0

I want to extract the domain name from DNS packets (request/response) from .pcapng file. the following code what I used

def extract_domain_name(pkt):
     try:
        if pkt.dns.qry_name:
            #print (pkt.ip.src, pkt.dns.qry_name)
            return pkt.dns.qry_name
     except AttributeError as e:
        #ignore packets that aren't DNS Request
        pass
     try:
        if pkt.dns.resp_name:
            print (pkt.ip.src, pkt.dns.resp_name)
            return pkt.dns.resp_name
     except AttributeError as e:
        #ignore packets that aren't DNS Response
        pass
        

def process_pcapng_file(filename):
    # Open the pcapng file
    cap = pyshark.FileCapture(filename)

    # Extract the domain names from the DNS packets
    domains = set()
    for pkt in cap:
        #print (pkt)
        if 'DNS' in pkt:
            #domain = pkt.dns.qry_name
            domain = extract_domain_name(pkt)
            if domain is not None:
                domains.add(domain)

it only extract the domain name from query packets not from query and response. what could the problem? However,

I tried to use if pkt.dns.resp_name: without try: and I got AttributeError

larsks
  • 277,717
  • 41
  • 399
  • 399
  • I can't reproduce this problem; even if I strip out all the `try/except` blocks in `extract_domain_name` the code works without a problem for all the packet captures I've produced locally. Can you provide a link to a pcap file that reproduces this issue? – larsks Feb 20 '23 at 20:48
  • @larsks the following url https://github.com/chenshaojie-happy/DNS-covert-channel-detection-method-using-the-LSTM-model/blob/main/datasets/det/det_a_up.pcapng – bany salameh Feb 21 '23 at 08:43

1 Answers1

0

Thanks for posting the sample capture; that helps.

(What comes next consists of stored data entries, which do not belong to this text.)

(* Let $\mathcal X$ be a finite multi-set of real symmetric $2\times2$ matrices. Let $\lambda_1$ be (one of) the largest eigenvalue(s) of $\mathcal X$, $u_1$ the eigenvector associated with $\lambda_1$ and $v_1\perp u_1$ the minor eigenvector of the same matrix of $\mathcal X$, and let $\lambda_2\le\lambda_1$ be the next largest eigenvalue of $\mathcal X$ (the largest element of the eigenvalue multi-set after removing one occurrence of $\lambda_1$). Then $$\mathrm{Sup}_{\mathrm{RLE}}(\mathcal X)=\begin{cases}\lambda_1u_1u_1^{\mathsf T}+\lambda_2v_1v_1^{\mathsf T},&\text{if }\lambda_1\text{ is unique},\\ \lambda_1I,&\text{otherwise}.\end{cases}$$
   Context: $I$ is the $2\times2$ identity. "The eigenvalues of $\mathcal X$" is the multi-set of both eigenvalues of every matrix of $\mathcal X$; unique means occurring exactly once. $\mathrm{Sup}_{\mathrm{LE}}(\mathcal X):=\lim_{m\to\infty}\frac1m\log\sum_{X\in\mathcal X}\exp(mX)$. Write $X_i=\lambda_iu_iu_i^{\mathsf T}+\mu_iv_iv_i^{\mathsf T}$ (spectral form, $\lambda_i\ge\mu_i$, orthonormal $u_i,v_i$). The multi-set of bases $\{\{u_i,v_i\}\}_i$ is generic if for no $i\neq j$ the vector $u_i$ is aligned (equal up to sign) with $u_j$. Families $\mathcal X^{(\delta)}=\{X_1^{(\delta)},\dots,X_n^{(\delta)}\}$ converge planar to $\mathcal X$ if $X_i^{(\delta)}\to X_i$ as $\delta\to0$ and $X_i^{(\delta)}$ has the same eigenvalues as $X_i$ for all $i,\delta$. The relaxed log-exp-supremum is $\mathrm{Sup}_{\mathrm{RLE}}(\mathcal X):=\mathrm{Sup}_{\mathrm{LE}}(\mathcal X)$ if the bases of $\mathcal X$ are generic, and otherwise $\mathrm{Sup}_{\mathrm{RLE}}(\mathcal X):=\lim_{\delta\to0}\mathrm{Sup}_{\mathrm{LE}}(\mathcal X^{(\delta)})$ over families $\mathcal X^{(\delta)}$ converging planar to $\mathcal X$ with generic bases. *)

theory Defs
  imports "HOL-Analysis.Analysis"
begin

type_synonym mat2 = "real^2^2"

definition mat2_pow :: "mat2 \<Rightarrow> nat \<Rightarrow> mat2" where
  "mat2_pow A k = ((\<lambda>B. A ** B) ^^ k) (mat 1)"

definition mexp :: "mat2 \<Rightarrow> mat2" where
  "mexp A = (\<Sum>k. (1 / fact k) *\<^sub>R mat2_pow A k)"

text \<open>Matrix logarithm: the unique real symmetric logarithm (of a symmetric positive definite matrix).\<close>
definition mlog :: "mat2 \<Rightarrow> mat2" where
  "mlog A = (THE L. transpose L = L \<and> mexp L = A)"

definition outer :: "real^2 \<Rightarrow> mat2" where
  "outer w = (\<chi> i j. w $ i * w $ j)"

definition spectral :: "mat2 \<Rightarrow> real \<Rightarrow> real \<Rightarrow> real^2 \<Rightarrow> real^2 \<Rightarrow> bool" where
  "spectral A l m u v \<longleftrightarrow> m \<le> l \<and> norm u = 1 \<and> norm v = 1 \<and> inner u v = 0 \<and>
     A = l *\<^sub>R outer u + m *\<^sub>R outer v"

definition aligned :: "real^2 \<Rightarrow> real^2 \<Rightarrow> bool" where
  "aligned a b \<longleftrightarrow> a = b \<or> a = - b"

definition generic_bases :: "nat \<Rightarrow> (nat \<Rightarrow> real^2) \<Rightarrow> bool" where
  "generic_bases n u \<longleftrightarrow> (\<forall>i<n. \<forall>j<n. i \<noteq> j \<longrightarrow> \<not> aligned (u i) (u j))"

definition has_generic_bases :: "nat \<Rightarrow> (nat \<Rightarrow> mat2) \<Rightarrow> bool" where
  "has_generic_bases n X \<longleftrightarrow>
     (\<exists>l m u v. (\<forall>i<n. spectral (X i) (l i) (m i) (u i) (v i)) \<and> generic_bases n u)"

definition same_eigs :: "mat2 \<Rightarrow> mat2 \<Rightarrow> bool" where
  "same_eigs A B \<longleftrightarrow> (\<exists>l m u v u' v'. spectral A l m u v \<and> spectral B l m u' v')"

definition has_Sup_LE :: "nat \<Rightarrow> (nat \<Rightarrow> mat2) \<Rightarrow> mat2 \<Rightarrow> bool" where
  "has_Sup_LE n X S \<longleftrightarrow>
     ((\<lambda>t::real. (1 / t) *\<^sub>R mlog (\<Sum>i<n. mexp (t *\<^sub>R X i))) \<longlongrightarrow> S) at_top"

I think the reason your code works for me but not for you is that in your sample capture, the only replies are SERVFAIL messages:

$ tcpdump -nn -r sample.pcap port domain | awk '{print $7}' | sort | uniq -c
  38365 A?
  38393 ServFail

It looks like for SERVFAIL messages, pkt.dns will not have a resp_name attribute.

it only extract the domain name from query packets not from query and response

Just to be explicit: in your sample capture, there are no valid query responses, so pkt.dns.resp_name is never defined.

There are a couple of things to think about here:

  1. If your logic is effectively:

    if pkt.dns.qry_name:
      return pkt.dns.qry_name
    if pkt.dns.resp_name:
      return pkt.dns.resp_name
    

    You will never reach the second if statement because a query response also includes the original query (so you will always return pkt.dns.qry_name).

  2. Do you really care about resp_name? In all cases, either pkt.dns.resp_name will match pkt.dns.qry_name, or it won't exist.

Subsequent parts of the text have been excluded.